December 6, 20244 min read

Our product was fine. Not great, not terrible. Just... fine. We had decent traction, okay reviews, modest growth. But something was missing.

I fucked up by accepting "fine." For almost a year, I optimized around the edges. Better onboarding. Cleaner UI. Faster performance. All good improvements. But we were still just fine.

The User Interview That Changed Everything

I was doing a user interview - something I'd stopped doing as we grew. The user said something that hit me: "Your product does what I need, but I'd never recommend it to anyone."

Why not?

"Because there's nothing remarkable about it. It's just... there."

The Pivot Point

We spent three months on one single feature. Not three months of scattered work - three months of obsessive focus on making one thing genuinely remarkable.

We ignored everything else. Bug fixes? They waited. New features? On hold. Marketing campaigns? Postponed. We bet everything on making this one experience unforgettable.

When we shipped, something changed. Users started telling their friends.
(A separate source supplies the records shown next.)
(* Let $n\geq 1$ and $r\geq 4$ be integers, and let $S_r=\{0,1,\ldots,2^r-1\}$. Then there is a labeling of every arc of the complete binary tree of depth $n$ by letters of $S_r$ with the following property. Let $u$ and $v$ be any two distinct nodes at a common depth $h$. Let their least common ancestor have depth $h-l$, so $l\geq1$. Let $a_1a_2\ldots a_h$ and $b_1b_2\ldots b_h$ be the letters on the arcs of the root-to-$u$ and root-to-$v$ paths, respectively. Then $$H(a_{h-l+1}a_{h-l+2}\ldots a_h,\;b_{h-l+1}b_{h-l+2}\ldots b_h)\geq\begin{cases} l & \text{if } l\leq r,\\ r & \text{if } r<l\leq 2r,\\ l/2 & \text{if } l>2r.\end{cases}$$ Here $H$ is the Hamming distance, i.e. the number of positions $i$ with $a_i\neq b_i$.
   Context: An "$r$-bit binary tree code of depth $n$" is a complete binary tree of depth $n$ in which every arc is labeled with a letter from the alphabet $S_r=\{0,1,\ldots,2^r-1\}$. The letters can be viewed as $r$-bit vectors. The distance requirement on the labeling is the one stated in the claim. *)

theory Defs
  imports Complex_Main
begin

(* Nodes of the complete binary tree of depth n are bool lists of length <= n
   (the root is []); the arc entering a nonempty node w is identified with w.
   The letter on the i-th arc (1-based) of the root-to-u path is lab (take i u). *)

definition valid_labeling :: "nat \<Rightarrow> nat \<Rightarrow> (bool list \<Rightarrow> nat) \<Rightarrow> bool" where
  "valid_labeling r n lab \<longleftrightarrow>
     (\<forall>w. w \<noteq> [] \<and> length w \<le> n \<longrightarrow> lab w < 2 ^ r)"

fun lca_depth :: "bool list \<Rightarrow> bool list \<Rightarrow> nat" where
  "lca_depth (x # xs) (y # ys) = (if x = y then Suc (lca_depth xs ys) else 0)"
| "lca_depth _ _ = 0"

definition suffix_hamming ::
  "(bool list \<Rightarrow> nat) \<Rightarrow> bool list \<Rightarrow> bool list \<Rightarrow> nat \<Rightarrow> nat \<Rightarrow> nat" where
  "suffix_hamming lab u v h l =
     card {i \<in> {h - l + 1 .. h}. lab (take i u) \<noteq> lab (take i v)}"

definition tree_code_bound :: "nat \<Rightarrow> nat \<Rightarrow> real" where
  "tree_code_bound r l =
     (if l \<le> r then real l else if l \<le> 2 * r then real r else real l / 2)"

end

theory Submission
  imports Defs
begin

text \<open>
The labeling is a binary convolutional code: the arc entering the node with path bits
\<open>w\<^sub>0, \<dots>, w\<^sub>i\<^sub>-\<^sub>1\<close> gets the XOR of the letters \<open>A (i - 1 - j)\<close> over all \<open>j\<close> with \<open>w\<^sub>j\<close> set.
By linearity, if \<open>u\<close> and \<open>v\<close> first differ at depth \<open>c\<close>, their labels at depth \<open>c + 1 + k\<close>
differ iff the XOR convolution of \<open>A\<close> with the difference pattern \<open>E\<close> (a set containing \<open>0\<close>)
is nonzero at \<open>k\<close>. Choosing \<open>A k = 2 ^ k\<close> for \<open>k < r\<close> makes bit \<open>k\<close> of the convolution
at \<open>k\<close> equal to 1, which gives the bounds \<open>l\<close> and \<open>r\<close>.

For \<open>l > 2 r\<close> the remaining letters are found by counting. For a fixed pattern the
convolution vanishes at \<open>k \<ge> r\<close> iff \<open>A k\<close> equals a value determined by the earlier letters,
so the sum over all words of 16 to the power of the number of zeros is explicit. Markov's
inequality and a union bound over \<open>l\<close> and the at most \<open>2 ^ l\<close> patterns then show that, for
\<open>r \<ge> 4\<close>, fewer than half of all choices of letters are bad.
\<close>

section \<open>XOR sums\<close>

global_interpretation xor_sum: comm_monoid_set "xor :: nat \<Rightarrow> nat \<Rightarrow> nat" 0
  defines xor_sum = xor_sum.F
  by unfold_locales

lemma xor_eq_0_iff: "xor (a::nat) b = 0 \<longleftrightarrow> a = b"
  by (metis xor_self_eq xor.assoc xor.left_neutral xor.commute)

lemma bit_xor_sum_iff:
  assumes "finite S"
  shows "bit (xor_sum f S) b \<longleftrightarrow> odd (card {s\<in>S. bit (f s) b})"
  using assms
proof (induction S rule: finite_induct)
  case (insert x S)
  have "{s \<in> insert x S. bit (f s) b} =
      (if bit (f x) b then insert x {s\<in>S. bit (f s) b} else {s\<in>S. bit (f s) b})"
    by auto
  with insert show ?case by (auto simp: bit_xor_iff)
qed simp

lemma xor_sum_less_power:
  assumes "\<And>s. s \<in> S \<Longrightarrow> f s < 2 ^ r"
  shows "xor_sum f S < 2 ^ r"
proof (cases "finite S")
  case True
  then show ?thesis
    using assms
  proof (induction S rule: finite_induct)
    case (insert x S)
    then have "take_bit r (f x) = f x" "take_bit r (xor_sum f S) = xor_sum f S"
      by (simp_all add: take_bit_nat_eq_self_iff)
    then have "take_bit r (xor (f x) (xor_sum f S)) = xor (f x) (xor_sum f S)"
      by (simp add: take_bit_xor)
    with insert show ?case by (metis take_bit_nat_eq_self_iff xor_sum.insert)
  qed simp
qed simp

lemma xor_xor_sum_eq_xor_sum_sym_diff:
  assumes "finite S" "finite T"
  shows "xor (xor_sum f S) (xor_sum f T) = xor_sum f (sym_diff S T)"
proof -
  have "xor_sum f (sym_diff S T) = xor (xor_sum f (S - T)) (xor_sum f (T - S))"
    using assms by (intro xor_sum.union_disjoint) auto
  moreover have "xor (xor c a) (xor c b) = xor a b" for a b c :: nat
    by (metis xor.assoc xor.left_commute xor_self_eq xor.left_neutral)
  ultimately show ?thesis
    using xor_sum.Int_Diff[OF assms(1), of f T] xor_sum.Int_Diff[OF assms(2), of f S]
    by (simp add: Int_commute)
qed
Organic growth exploded. Our NPS went from 32 to 78. We went from "fine" to "must-have."

What I Learned

You're always one decision away from greatness - but only if you're willing to ignore everything else to pursue it.

Most products fail not because they make wrong decisions, but because they never fully commit to any decision. They try to do everything reasonably well instead of doing one thing remarkably well.

Now my product philosophy is simple:

Being "pretty good" at everything is a recipe for mediocrity. Being exceptional at one thing is how you break through.

Key Takeaway: Stop trying to improve everything incrementally. Find the one thing that could transform your product, and go all-in. Greatness requires sacrifice.